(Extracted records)

text \<open>The witness is \<open>c = (M + b) / (M + a)\<close>: both inequalities reduce to \<open>a b \<le> M\<^sup>2\<close>.\<close>

lemma balancing_scale:
  fixes a b M :: real
  assumes "0 \<le> a" "0 \<le> b" "a * b \<le> M\<^sup>2" "M > 0"
  obtains c where "c > 0" "c * a \<le> M" "b \<le> M * c"
proof
  let ?c = "(M + b) / (M + a)"
  show "?c > 0"
    using assms by simp
  show "?c * a \<le> M" "b \<le> M * ?c"
    using assms by (simp_all add: field_simps power2_eq_square)
qed

lemma dist_le_dist_add_if_close:
  fixes f g :: "'a \<Rightarrow> 'b::metric_space"
  assumes "\<And>x. dist (f x) (g x) \<le> D"
  shows "dist (f x) (f y) \<le> dist (g x) (g y) + 2 * D"
  using dist_triangle[of "f x" "f y" "g x"] dist_triangle[of "g x" "f y" "g y"] assms[of x] assms[of y]
    dist_commute[of "g y" "f y"] by linarith

lemma dist_bounds_if_close_to_bi_lipschitz:
  assumes "M > 0"
    and S_upper: "\<And>x y. x \<in> N \<Longrightarrow> y \<in> N \<Longrightarrow> dist (S x) (S y) \<le> M * dist x y"
    and S_lower: "\<And>x y. x \<in> N \<Longrightarrow> y \<in> N \<Longrightarrow> dist x y \<le> M * dist (S x) (S y)"
    and p: "\<And>x. p x \<in> N" "\<And>x. dist x (p x) \<le> C"
    and h: "\<And>x. dist (h x) (S (p x)) \<le> D"
  shows "dist (h x) (h y) \<le> M * dist x y + 2 * (M * C + D)"
    and "dist x y / M - 2 * (D + C / M) \<le> dist (h x) (h y)"
proof -
  have "dist (p x) x \<le> C" for x
    using p(2) by (simp add: dist_commute)
  then have "dist (p x) (p y) \<le> dist x y + 2 * C"
    by (rule dist_le_dist_add_if_close[of p "\<lambda>x. x"])
  then have "M * dist (p x) (p y) \<le> M * dist x y + 2 * (M * C)"
    using mult_left_mono[of _ _ M] \<open>M > 0\<close> by (fastforce simp: algebra_simps)
  moreover have "dist (h x) (h y) \<le> dist (S (p x)) (S (p y)) + 2 * D"
    using h by (rule dist_le_dist_add_if_close)
  ultimately show "dist (h x) (h y) \<le> M * dist x y + 2 * (M * C + D)"
    using S_upper[OF p(1) p(1), of x y] unfolding distrib_left by linarith
  have "dist (S (p x)) (h x) \<le> D" for x
    using h by (simp add: dist_commute)
  then have "dist (S (p x)) (S (p y)) \<le> dist (h x) (h y) + 2 * D"
    by (rule dist_le_dist_add_if_close[of "\<lambda>x. S (p x)" h])
  then have "M * dist (S (p x)) (S (p y)) \<le> M * dist (h x) (h y) + 2 * (M * D)"
    using mult_left_mono[of _ _ M] \<open>M > 0\<close> by (fastforce simp: algebra_simps)
  moreover have "dist x y \<le> dist (p x) (p y) + 2 * C"
    using p(2) by (rule dist_le_dist_add_if_close[of "\<lambda>x. x" p])
  ultimately have "dist x y \<le> M * dist (h x) (h y) + 2 * (M * D) + 2 * C"
    using S_lower[OF p(1) p(1), of x y] by linarith
  then show "dist x y / M - 2 * (D + C / M) \<le> dist (h x) (h y)"
    using \<open>M > 0\<close> by (simp add: field_simps)
qed

lemma coarse_quasi_isometry_if_close_to_bi_lipschitz:
  fixes h :: "'a::real_normed_vector \<Rightarrow> 'b::real_normed_vector"
  assumes "M > 0" "surj h"
    and "\<And>x y. x \<in> N \<Longrightarrow> y \<in> N \<Longrightarrow> dist (S x) (S y) \<le> M * dist x y"
    and "\<And>x y. x \<in> N \<Longrightarrow> y \<in> N \<Longrightarrow> dist x y \<le> M * dist (S x) (S y)"
    and p: "\<And>x. p x \<in> N" "\<And>x. dist x (p x) \<le> C"
    and h: "\<And>x. dist (h x) (S (p x)) \<le> D"
  shows "\<exists>L\<ge>0. coarse_quasi_isometry M L h UNIV UNIV"
proof (intro exI conjI)
  let ?L = "2 * (M * C + D + C / M)"
  have "C \<ge> 0" "D \<ge> 0"
    using p(2) h by (meson zero_le_dist order_trans)+
  then show "?L \<ge> 0"
    using \<open>M > 0\<close> by simp
  note bounds = dist_bounds_if_close_to_bi_lipschitz[OF assms(1,3,4) p h]
  have "0 \<le> M * C" "0 \<le> C / M"
    using \<open>C \<ge> 0\<close> \<open>M > 0\<close> by simp_all
  then have "dist (h x) (h y) \<le> M * dist x y + ?L" "dist x y / M - ?L \<le> dist (h x) (h y)" for x y
    using bounds[where x = x and y = y] unfolding distrib_left by linarith+
  moreover have "\<forall>y. \<exists>x. dist y (h x) \<le> 1"
    using \<open>surj h\<close> by (metis dist_self surjD zero_le_one)
  ultimately show "coarse_quasi_isometry M ?L h UNIV UNIV"
    by (auto simp: coarse_quasi_isometry_def dist_norm intro!: exI[of _ 1])
qed

lemma scaled_bi_lipschitz_on:
  fixes T :: "'a::metric_space \<Rightarrow> 'b::real_normed_vector"
  assumes T: "bij_betw T N N'" and A: "A-lipschitz_on N T" and B: "B-lipschitz_on N' (inv_into N T)"
    and product: "lip_const N T * lip_const N' (inv_into N T) \<le> M\<^sup>2" and "M > 0"
  obtains c where "c > 0"
    "\<And>x y. x \<in> N \<Longrightarrow> y \<in> N \<Longrightarrow> dist (c *\<^sub>R T x) (c *\<^sub>R T y) \<le> M * dist x y"
    "\<And>x y. x \<in> N \<Longrightarrow> y \<in> N \<Longrightarrow> dist x y \<le> M * dist (c *\<^sub>R T x) (c *\<^sub>R T y)"
proof -
  obtain c where c: "c > 0" "c * lip_const N T \<le> M" "lip_const N' (inv_into N T) \<le> M * c"
    using balancing_scale[OF lip_const_nonneg[OF A] lip_const_nonneg[OF B] product \<open>M > 0\<close>] .
  have dist_cT: "dist (c *\<^sub>R T x) (c *\<^sub>R T y) = c * dist (T x) (T y)" for x y
    using c(1) by (simp add: dist_norm scaleR_diff_right[symmetric])
  show ?thesis
  proof (rule that[OF c(1)])
    fix x y
    assume xy: "x \<in> N" "y \<in> N"
    have "c * dist (T x) (T y) \<le> c * (lip_const N T * dist x y)"
      using dist_le_lip_const[OF A xy] c(1) by simp
    also have "\<dots> \<le> M * dist x y"
      using c(2) by (simp add: mult.assoc[symmetric] mult_right_mono)
    finally show "dist (c *\<^sub>R T x) (c *\<^sub>R T y) \<le> M * dist x y"
      by (simp add: dist_cT)
    have "dist x y = dist (inv_into N T (T x)) (inv_into N T (T y))"
      using T xy by (simp add: bij_betw_def)
    also have "\<dots> \<le> lip_const N' (inv_into N T) * dist (T x) (T y)"
      using dist_le_lip_const[OF B] T xy by (simp add: bij_betwE)
    also have "\<dots> \<le> M * c * dist (T x) (T y)"
      using c(3) by (simp add: mult_right_mono)
    finally show "dist x y \<le> M * dist (c *\<^sub>R T x) (c *\<^sub>R T y)"
      by (simp add: dist_cT)
  qed
qed

lemma bij_scaleR_comp:
  fixes h :: "'a \<Rightarrow> 'b::real_vector"
  assumes "bij h" "c \<noteq> 0"
  shows "bij (\<lambda>x. c *\<^sub>R h x)"
proof (rule bij_comp[OF assms(1), unfolded comp_def])
  show "bij (\<lambda>y :: 'b. c *\<^sub>R y)"
    using assms(2) by (intro bijI injI surjI[of _ "\<lambda>y. y /\<^sub>R c"]) simp_all
qed

theorem fact2:
  fixes M :: real
  assumes "M > 0"
    and "net_distance (UNIV :: 'a::banach set) (UNIV :: 'b::banach set) < ereal (M\<^sup>2)"
  shows "\<exists>L\<ge>0. \<exists>T :: 'a \<Rightarrow> 'b. bij T \<and> coarse_quasi_isometry M L T UNIV UNIV"
proof -
  obtain NE :: "'a set" and NF :: "'b set" and T where nets: "is_net UNIV NE" "is_net UNIV NF"
    and T: "bij_betw T NE NF" and "\<exists>C. C-lipschitz_on NE T" "\<exists>C. C-lipschitz_on NF (inv_into NE T)"
    and "lip_const NE T * lip_const NF (inv_into NE T) < M\<^sup>2"
    using assms(2) by (rule net_distance_lessE)
  then obtain c where "c > 0"
    and upper: "\<And>x y. x \<in> NE \<Longrightarrow> y \<in> NE \<Longrightarrow> dist (c *\<^sub>R T x) (c *\<^sub>R T y) \<le> M * dist x y"
    and lower: "\<And>x y. x \<in> NE \<Longrightarrow> y \<in> NE \<Longrightarrow> dist x y \<le> M * dist (c *\<^sub>R T x) (c *\<^sub>R T y)"
    using scaled_bi_lipschitz_on[OF T _ _ _ assms(1)] by (metis less_imp_le)
  obtain h p C where "bij h" and p: "\<And>x. p x \<in> NE" "\<And>x. dist x (p x) \<le> C"
    and h: "\<And>x. dist (h x) (T (p x)) \<le> C"
    using net_bijection_extends[OF nets T] by metis
  have close: "dist (c *\<^sub>R h x) (c *\<^sub>R T (p x)) \<le> c * C" for x
    using h[of x] \<open>c > 0\<close> by (simp add: dist_norm scaleR_diff_right[symmetric])
  have "bij (\<lambda>x. c *\<^sub>R h x)"
    using \<open>bij h\<close> \<open>c > 0\<close> by (simp add: bij_scaleR_comp)
  with coarse_quasi_isometry_if_close_to_bi_lipschitz[OF assms(1) _ upper lower p close]
  show ?thesis
    by (auto simp: bij_is_surj)
qed

end
lemma deg_eq_1_if_equal_degree_neighbour:
  assumes "u \<in> V" "v \<in> V" "E u v" "d u = d v"
  shows "d u = 1"
proof -
  have "{w\<in>V. E u w} = {v}"
    using unique_neighbour_if_equal_degree[OF assms] assms by blast
  then show ?thesis
    by (simp add: deg_def)
qed

lemma upper_if_lower_degree_neighbour:
  assumes "u \<in> V" "v \<in> V" "E u v" "d u < d v"
  shows "upper V E v \<and> \<not> upper V E u"
proof
  show "upper V E v"
    using sym[of u v] assms unfolding upper_def by blast
  show "\<not> upper V E u"
  proof
    assume "upper V E u"
    then obtain w where w: "w \<in> V" "E u w" "d w \<le> d u"
      unfolding upper_def by auto
    then have "w \<noteq> v"
      using assms by auto
    then show False
      using no_monotone_P3[of w u v] sym[of u w] assms w by simp
  qed
qed

lemma upper_ne_if_adjacent:
  assumes "u \<in> V" "v \<in> V" "E u v"
  shows "upper V E u \<noteq> upper V E v"
proof -
  have vu: "E v u"
    using sym assms by blast
  consider "d u < d v" | "d v < d u" | "d u = d v"
    by linarith
  then show ?thesis
  proof cases
    case 1
    then show ?thesis using upper_if_lower_degree_neighbour assms by blast
  next
    case 2
    then show ?thesis using upper_if_lower_degree_neighbour assms vu by blast
  next
    case 3
    have "upper V E x \<longleftrightarrow> y < x"
      if "x \<in> V" "y \<in> V" "E x y" "d x = d y" for x y
    proof
      assume "upper V E x"
      then obtain w where "w \<in> V" "E x w" "d w < d x \<or> d w = d x \<and> w < x"
        unfolding upper_def by blast
      moreover from this have "w = y"
        using unique_neighbour_if_equal_degree that by blast
      ultimately show "y < x"
        using that by simp
    next
      assume "y < x"
      then show "upper V E x"
        using that unfolding upper_def by auto
    qed
    moreover have "u \<noteq> v"
      using irrefl assms by blast
    ultimately show ?thesis
      using assms vu 3 by (metis less_asym' neqE)
  qed
qed

lemma deg_le_if_not_upper:
  assumes "u \<in> V" "v \<in> V" "E u v" "\<not> upper V E u"
  shows "d u \<le> d v"
  using assms unfolding upper_def by (meson linorder_not_le)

• _What you need to do_:
From the entries above, extract only the lines running from the one containing "lip_const N T \<le>" through the one containing "C-lipschitz_on NF (inv_into", inclusive.

• _Answer for the task_:
  obtain c where c: "c > 0" "c * lip_const N T \<le> M" "lip_const N' (inv_into N T) \<le> M * c"
    using balancing_scale[OF lip_const_nonneg[OF A] lip_const_nonneg[OF B] product \<open>M > 0\<close>] .
  have dist_cT: "dist (c *\<^sub>R T x) (c *\<^sub>R T y) = c * dist (T x) (T y)" for x y
    using c(1) by (simp add: dist_norm scaleR_diff_right[symmetric])
  show ?thesis
  proof (rule that[OF c(1)])
    fix x y
    assume xy: "x \<in> N" "y \<in> N"
    have "c * dist (T x) (T y) \<le> c * (lip_const N T * dist x y)"
      using dist_le_lip_const[OF A xy] c(1) by simp
    also have "\<dots> \<le> M * dist x y"
      using c(2) by (simp add: mult.assoc[symmetric] mult_right_mono)
    finally show "dist (c *\<^sub>R T x) (c *\<^sub>R T y) \<le> M * dist x y"
      by (simp add: dist_cT)
    have "dist x y = dist (inv_into N T (T x)) (inv_into N T (T y))"
      using T xy by (simp add: bij_betw_def)
    also have "\<dots> \<le> lip_const N' (inv_into N T) * dist (T x) (T y)"
      using dist_le_lip_const[OF B] T xy by (simp add: bij_betwE)
    also have "\<dots> \<le> M * c * dist (T x) (T y)"
      using c(3) by (simp add: mult_right_mono)
    finally show "dist x y \<le> M * dist (c *\<^sub>R T x) (c *\<^sub>R T y)"
      by (simp add: dist_cT)
  qed
qed

lemma bij_scaleR_comp:
  fixes h :: "'a \<Rightarrow> 'b::real_vector"
  assumes "bij h" "c \<noteq> 0"
  shows "bij (\<lambda>x. c *\<^sub>R h x)"
proof (rule bij_comp[OF assms(1), unfolded comp_def])
  show "bij (\<lambda>y :: 'b. c *\<^sub>R y)"
    using assms(2) by (intro bijI injI surjI[of _ "\<lambda>y. y /\<^sub>R c"]) simp_all
qed

theorem fact2:
  fixes M :: real
  assumes "M > 0"
    and "net_distance (UNIV :: 'a::banach set) (UNIV :: 'b::banach set) < ereal (M\<^sup>2)"
  shows "\<exists>L\<ge>0. \<exists>T :: 'a \<Rightarrow> 'b. bij T \<and> coarse_quasi_isometry M L T UNIV UNIV"
proof -
  obtain NE :: "'a set" and NF :: "'b set" and T where nets: "is_net UNIV NE" "is_net UNIV NF"
    and T: "bij_betw T NE NF" and "\<exists>C. C-lipschitz_on NE T" "\<exists>C. C-lipschitz_on NF (inv_into NE T)"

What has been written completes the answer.